- Exercise aim -
Beneath this instruction is a block of data; output from it exactly the lines that run from the one containing "v rule: less_induct)" through the one containing "obtain y z where", inclusive.
● ● ● ● ● ● ●
(* For every integer $k \ge 1$, the edge set of the hypercube $Q_{2k}$ can be partitioned into the edge sets of $k$ pairwise edge-disjoint spanning trees of $Q_{2k}$ together with a matching consisting of exactly $k$ edges.
   Context: The $n$-dimensional hypercube $Q_n$ is the graph whose vertices are all binary vectors of length $n$, with two vertices adjacent if and only if they differ in exactly one coordinate. A matching is a set of pairwise vertex-disjoint edges. *)

theory Defs
  imports Main
begin

definition hc_verts :: "nat \<Rightarrow> bool list set" where
  "hc_verts n = {v. length v = n}"

definition hc_adj :: "bool list \<Rightarrow> bool list \<Rightarrow> bool" where
  "hc_adj u v \<longleftrightarrow> length u = length v \<and> card {i. i < length u \<and> u ! i \<noteq> v ! i} = 1"

definition hc_edges :: "nat \<Rightarrow> bool list set set" where
  "hc_edges n = {{u, v} | u v. u \<in> hc_verts n \<and> v \<in> hc_verts n \<and> hc_adj u v}"

definition walk :: "'a set set \<Rightarrow> 'a list \<Rightarrow> bool" where
  "walk E p \<longleftrightarrow> p \<noteq> [] \<and> (\<forall>i. Suc i < length p \<longrightarrow> {p ! i, p ! Suc i} \<in> E)"

definition connected_on :: "'a set \<Rightarrow> 'a set set \<Rightarrow> bool" where
  "connected_on V E \<longleftrightarrow> (\<forall>u\<in>V. \<forall>v\<in>V. \<exists>p. walk E p \<and> hd p = u \<and> last p = v)"

definition has_cycle :: "'a set set \<Rightarrow> bool" where
  "has_cycle E \<longleftrightarrow> (\<exists>p. length p \<ge> 3 \<and> distinct p \<and> walk E p \<and> {last p, hd p} \<in> E)"

definition spanning_tree :: "'a set \<Rightarrow> 'a set set \<Rightarrow> 'a set set \<Rightarrow> bool" where
  "spanning_tree V E T \<longleftrightarrow> T \<subseteq> E \<and> connected_on V T \<and> \<not> has_cycle T"

definition matching :: "'a set set \<Rightarrow> 'a set set \<Rightarrow> bool" where
  "matching E M \<longleftrightarrow> M \<subseteq> E \<and> (\<forall>e\<in>M. \<forall>f\<in>M. e \<noteq> f \<longrightarrow> e \<inter> f = {})"

end

theory Submission
  imports Defs
begin

text \<open>Cutting the 2k coordinates into pairs and reading each pair as a Gray code of an element
  of Z/4 identifies Q_{2k} with the product of k four-cycles, whose edges are the darts (f, i)
  joining f to f + e_i. For a dart (f, i), follow the carry chain f(x + 1) = f(x) + [x = k - 1]
  (mod 4) from x = i cyclically through the k - 1 steps up to i - 1. If it first fails at the
  step leaving j, the dart goes to tree j. If it never fails, f is determined by f(i), and the
  dart goes to tree i - 1 unless f(i) is 0 or 2 according to the parity of i, in which case it
  goes to the matching; this gives one matching dart per direction, and these k edges are
  vertex-disjoint. Each tree class is a spanning tree because, unfolded one coordinate
  j, j - 1, ..., j + 1 at a time, it is built by repeatedly extending a spanning tree of a
  product of four-cycles to one more factor: a spanning path in every fibre four-cycle plus one
  lifted copy of each old tree edge. Trees are certified by parent maps decreasing a height.\<close>

section \<open>Spanning trees from parent maps\<close>

lemma walk_singleton: "walk E [x]"
  by (simp add: walk_def)

lemma walk_Cons_Cons: "walk E (x # y # p) \<longleftrightarrow> {x, y} \<in> E \<and> walk E (y # p)"
  unfolding walk_def by (auto simp: nth_Cons' less_Suc_eq_0_disj)

lemma walk_if_rtranclp:
  assumes "(\<lambda>x y. {x, y} \<in> E)\<^sup>*\<^sup>* u v"
  shows "\<exists>p. walk E p \<and> hd p = u \<and> last p = v"
  using assms
proof (induction rule: converse_rtranclp_induct)
  case base
  show ?case using walk_singleton by force
next
  case (step u y)
  then obtain p where p: "walk E p" "hd p = y" "last p = v" by blast
  then obtain q where "p = y # q" by (cases p) (auto simp: walk_def)
  then show ?case using step.hyps(1) p by (intro exI[of _ "u # p"]) (simp add: walk_Cons_Cons)
qed

lemma cycle_vertex_two_neighbours:
  assumes p: "length p \<ge> 3" "distinct p" "walk E p" "{last p, hd p} \<in> E" and x: "x \<in> set p"
  shows "\<exists>y\<in>set p. \<exists>z\<in>set p. y \<noteq> z \<and> {x, y} \<in> E \<and> {x, z} \<in> E"
proof -
  define n where "n = length p"
  obtain i where i: "i < n" "p ! i = x" using x by (auto simp: n_def in_set_conv_nth)
  have edge: "{p ! m, p ! Suc m} \<in> E" if "Suc m < n" for m
    using p(3) that by (simp add: walk_def n_def)
  have ne: "p \<noteq> []" using p(1) by auto
  then have hd: "hd p = p ! 0" and last: "last p = p ! (n - 1)"
    by (simp_all add: n_def hd_conv_nth last_conv_nth)
  have nth_neq: "p ! a \<noteq> p ! b" if "a < n" "b < n" "a \<noteq> b" for a b
    using p(2) that by (simp add: n_def nth_eq_iff_index_eq)
  have mem: "p ! a \<in> set p" if "a < n" for a using that by (simp add: n_def)
  have two: "\<exists>y\<in>set p. \<exists>z\<in>set p. y \<noteq> z \<and> {x, y} \<in> E \<and> {x, z} \<in> E"
    if "a < n" "b < n" "a \<noteq> b" "{x, p ! a} \<in> E" "{x, p ! b} \<in> E" for a b
    using that mem nth_neq by blast
  consider "i = 0" | "0 < i" "i < n - 1" | "i = n - 1" using i(1) by linarith
  then show ?thesis
  proof cases
    case 1
    then show ?thesis
      using two[of 1 "n - 1"] edge[of 0] p(1,4) i hd last by (simp add: n_def insert_commute)
  next
    case 2
    then show ?thesis
      using two[of "i - 1" "Suc i"] edge[of "i - 1"] edge[of i] i by (simp add: insert_commute)
  next
    case 3
    moreover have "Suc (n - 2) = n - 1" using p(1) by (simp add: n_def)
    ultimately show ?thesis
      using two[of "n - 2" 0] edge[of "n - 2"] p(1,4) i hd last ne by (simp add: n_def insert_commute)
  qed
qed

definition parent_tree :: "'a set \<Rightarrow> 'a set set \<Rightarrow> bool" where
  "parent_tree V T \<longleftrightarrow> (\<exists>P r (h :: 'a \<Rightarrow> nat). r \<in> V
      \<and> (\<forall>v\<in>V. v \<noteq> r \<longrightarrow> P v \<in> V \<and> h (P v) < h v)
      \<and> T = {{v, P v} | v. v \<in> V \<and> v \<noteq> r})"

context
  fixes V :: "'a set" and P :: "'a \<Rightarrow> 'a" and r :: 'a and h :: "'a \<Rightarrow> nat"
  assumes parent: "\<And>v. v \<in> V \<Longrightarrow> v \<noteq> r \<Longrightarrow> P v \<in> V \<and> h (P v) < h v"
begin

lemma connected_on_parent_edges:
  assumes r: "r \<in> V" shows "connected_on V {{v, P v} | v. v \<in> V \<and> v \<noteq> r}"
proof -
  define T where "T = {{v, P v} | v. v \<in> V \<and> v \<noteq> r}"
  let ?R = "(\<lambda>x y. {x, y} \<in> T)\<^sup>*\<^sup>*"
  have to_root: "?R v r" if "v \<in> V" for v
    using that
  proof (induction "h v" arbitrary: v rule: less_induct)
    case less
    show ?case
    proof (cases "v = r")
      case False
      then have "{v, P v} \<in> T" and "?R (P v) r" using less parent unfolding T_def by blast+
      then show ?thesis by (simp add: converse_rtranclp_into_rtranclp)
    qed simp
  qed
  have "symp (\<lambda>x y. {x, y} \<in> T)" by (rule sympI) (simp add: insert_commute)
  then have "symp ?R" by (rule symp_rtranclp)
  then have "?R u v" if "u \<in> V" "v \<in> V" for u v
    using to_root that by (meson rtranclp_trans sympD)
  then show ?thesis
    unfolding connected_on_def T_def[symmetric] by (intro ballI walk_if_rtranclp)
qed

lemma no_cycle_parent_edges: "\<not> has_cycle {{v, P v} | v. v \<in> V \<and> v \<noteq> r}"
proof
  define T where "T = {{v, P v} | v. v \<in> V \<and> v \<noteq> r}"
  assume "has_cycle {{v, P v} | v. v \<in> V \<and> v \<noteq> r}"
  then obtain p where p: "length p \<ge> 3" "distinct p" "walk T p" "{last p, hd p} \<in> T"
    unfolding has_cycle_def T_def by blast
  have to_parent: "b = P a" if "{a, b} \<in> T" "h b \<le> h a" for a b
  proof -
    have "{a, b} \<in> {{v, P v} | v. v \<in> V \<and> v \<noteq> r}" using that(1) T_def by simp
    then obtain v where v: "{a, b} = {v, P v}" "v \<in> V" "v \<noteq> r" by blast
    then show ?thesis using parent[OF v(2,3)] that(2) by (auto simp: doubleton_eq_iff)
  qed
  have "finite (h ` set p)" "h ` set p \<noteq> {}" using p(1) by auto
  then obtain x where x: "x \<in> set p" "h x = Max (h ` set p)"
    using Max_in[of "h ` set p"] by (metis imageE)
  then have max: "h y \<le> h x" if "y \<in> set p" for y using that by simp
  \<comment> \<open>Both cycle neighbours of a vertex of maximal height would have to be its parent.\<close>
  obtain y z where "y \<in> set p" "z \<in> set p" "y \<noteq> z" "{x, y} \<in> T" "{x, z} \<in> T"
    using cycle_vertex_two_neighbours[OF p x(1)] by blast
  then have "y = P x" "z = P x" using to_parent max by blast+
  then show False using \<open>y \<noteq> z\<close> by simp
qed

end

lemma spanning_tree_if_parent_tree:
  assumes "parent_tree V T" and "T \<subseteq> E"
  shows "spanning_tree V E T"
proof -
  obtain P r and h :: "'a \<Rightarrow> nat" where r: "r \<in> V"
    and P: "\<And>v. v \<in> V \<Longrightarrow> v \<noteq> r \<Longrightarrow> P v \<in> V \<and> h (P v) < h v"
    and T: "T = {{v, P v} | v. v \<in> V \<and> v \<noteq> r}"
    using assms(1) unfolding parent_tree_def by blast
  show ?thesis
    using assms(2) connected_on_parent_edges[OF P r] no_cycle_parent_edges[OF P]
    unfolding spanning_tree_def T by (intro conjI)
qed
● ● ● ● ● ● ●
- Answer box -
  proof (induction "h v" arbitrary: v rule: less_induct)
    case less
    show ?case
    proof (cases "v = r")
      case False
      then have "{v, P v} \<in> T" and "?R (P v) r" using less parent unfolding T_def by blast+
      then show ?thesis by (simp add: converse_rtranclp_into_rtranclp)
    qed simp
  qed
  have "symp (\<lambda>x y. {x, y} \<in> T)" by (rule sympI) (simp add: insert_commute)
  then have "symp ?R" by (rule symp_rtranclp)
  then have "?R u v" if "u \<in> V" "v \<in> V" for u v
    using to_root that by (meson rtranclp_trans sympD)
  then show ?thesis
    unfolding connected_on_def T_def[symmetric] by (intro ballI walk_if_rtranclp)
qed

lemma no_cycle_parent_edges: "\<not> has_cycle {{v, P v} | v. v \<in> V \<and> v \<noteq> r}"
proof
  define T where "T = {{v, P v} | v. v \<in> V \<and> v \<noteq> r}"
  assume "has_cycle {{v, P v} | v. v \<in> V \<and> v \<noteq> r}"
  then obtain p where p: "length p \<ge> 3" "distinct p" "walk T p" "{last p, hd p} \<in> T"
    unfolding has_cycle_def T_def by blast
  have to_parent: "b = P a" if "{a, b} \<in> T" "h b \<le> h a" for a b
  proof -
    have "{a, b} \<in> {{v, P v} | v. v \<in> V \<and> v \<noteq> r}" using that(1) T_def by simp
    then obtain v where v: "{a, b} = {v, P v}" "v \<in> V" "v \<noteq> r" by blast
    then show ?thesis using parent[OF v(2,3)] that(2) by (auto simp: doubleton_eq_iff)
  qed
  have "finite (h ` set p)" "h ` set p \<noteq> {}" using p(1) by auto
  then obtain x where x: "x \<in> set p" "h x = Max (h ` set p)"
    using Max_in[of "h ` set p"] by (metis imageE)
  then have max: "h y \<le> h x" if "y \<in> set p" for y using that by simp
  \<comment> \<open>Both cycle neighbours of a vertex of maximal height would have to be its parent.\<close>
  obtain y z where "y \<in> set p" "z \<in> set p" "y \<noteq> z" "{x, y} \<in> T" "{x, z} \<in> T"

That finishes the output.